:: RECORDS FOR THIS EXERCISE ::

(* Let $X$ be a space, $Y$ a metrizable space and $\kappa$ an infinite cardinal. (a) If $X$ is a strict compact-chain of length $\kappa$, then $\mathsf{L_{cl}}(X,Y)$ holds. (b) If $X$ is countably compact and is a strict chain of length $\kappa$ of open subsets each contained in some Lindelöf subset of $X$, then $\mathsf{BR}(X,Y)$ holds. (c) In particular, if $X$ is a countably compact Type I space, then both $\mathsf{BR_{cl}}(X,Y)$ and $\mathsf{L_{cl}}(X,Y)$ hold.
   Context: All spaces are Hausdorff and maps continuous. For a property $\mathcal P$, $X$ is a strict $\mathcal P$-chain of length $\kappa$ if $X=\bigcup_{\alpha<\kappa}H_\alpha$ with $H_\alpha\subsetneq H_\beta$ for $\alpha<\beta$ and each $H_\alpha$ having $\mathcal P$. A space $X$ is of Type I if $X=\bigcup_{\alpha<\omega_1}X_\alpha$ with $X_\alpha$ open, $\overline{X_\alpha}\subset X_\beta$ for $\alpha<\beta$, $\overline{X_\alpha}$ Lindelöf, and $X\neq X_\alpha$ for all $\alpha$. For a non-Lindelöf space $X$ and a space $Y$: $\mathsf{L}(X,Y)$ means that for every continuous $f:X\to Y$ there is a Lindelöf $Z\subset X$ with $f(Z)=f(X)$; $\mathsf{BR}(X,Y)$ means that for every continuous $f:X\to Y$ there is a Lindelöf $Z\subset X$ such that $f(X\setminus W)=f(X\setminus Z)$ for every Lindelöf $W\supseteq Z$. The subscript $\mathsf{cl}$ means that $Z$ can moreover be chosen closed. (For Lindelöf $X$ these properties are regarded as trivially true.) *)

theory Defs
  imports "HOL-Analysis.Analysis"
begin

definition Lindelof_in :: "'a topology \<Rightarrow> 'a set \<Rightarrow> bool" where
  "Lindelof_in X Z \<longleftrightarrow> Z \<subseteq> topspace X \<and> Lindelof_space (subtopology X Z)"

:::

TASK REQUIREMENTS - An exact reproduction of all the records is required.

ANSWER BOX -
(* Let $X$ be a space, $Y$ a metrizable space and $\kappa$ an infinite cardinal. (a) If $X$ is a strict compact-chain of length $\kappa$, then $\mathsf{L_{cl}}(X,Y)$ holds. (b) If $X$ is countably compact and is a strict chain of length $\kappa$ of open subsets each contained in some Lindelöf subset of $X$, then $\mathsf{BR}(X,Y)$ holds. (c) In particular, if $X$ is a countably compact Type I space, then both $\mathsf{BR_{cl}}(X,Y)$ and $\mathsf{L_{cl}}(X,Y)$ hold.
   Context: All spaces are Hausdorff and maps continuous. For a property $\mathcal P$, $X$ is a strict $\mathcal P$-chain of length $\kappa$ if $X=\bigcup_{\alpha<\kappa}H_\alpha$ with $H_\alpha\subsetneq H_\beta$ for $\alpha<\beta$ and each $H_\alpha$ having $\mathcal P$. A space $X$ is of Type I if $X=\bigcup_{\alpha<\omega_1}X_\alpha$ with $X_\alpha$ open, $\overline{X_\alpha}\subset X_\beta$ for $\alpha<\beta$, $\overline{X_\alpha}$ Lindelöf, and $X\neq X_\alpha$ for all $\alpha$. For a non-Lindelöf space $X$ and a space $Y$: $\mathsf{L}(X,Y)$ means that for every continuous $f:X\to Y$ there is a Lindelöf $Z\subset X$ with $f(Z)=f(X)$; $\mathsf{BR}(X,Y)$ means that for every continuous $f:X\to Y$ there is a Lindelöf $Z\subset X$ such that $f(X\setminus W)=f(X\setminus Z)$ for every Lindelöf $W\supseteq Z$. The subscript $\mathsf{cl}$ means that $Z$ can moreover be chosen closed. (For Lindelöf $X$ these properties are regarded as trivially true.) *)

theory Defs
  imports "HOL-Analysis.Analysis"
begin

definition Lindelof_in :: "'a topology \<Rightarrow> 'a set \<Rightarrow> bool" where
  "Lindelof_in X Z \<longleftrightarrow> Z \<subseteq> topspace X \<and> Lindelof_space (subtopology X Z)"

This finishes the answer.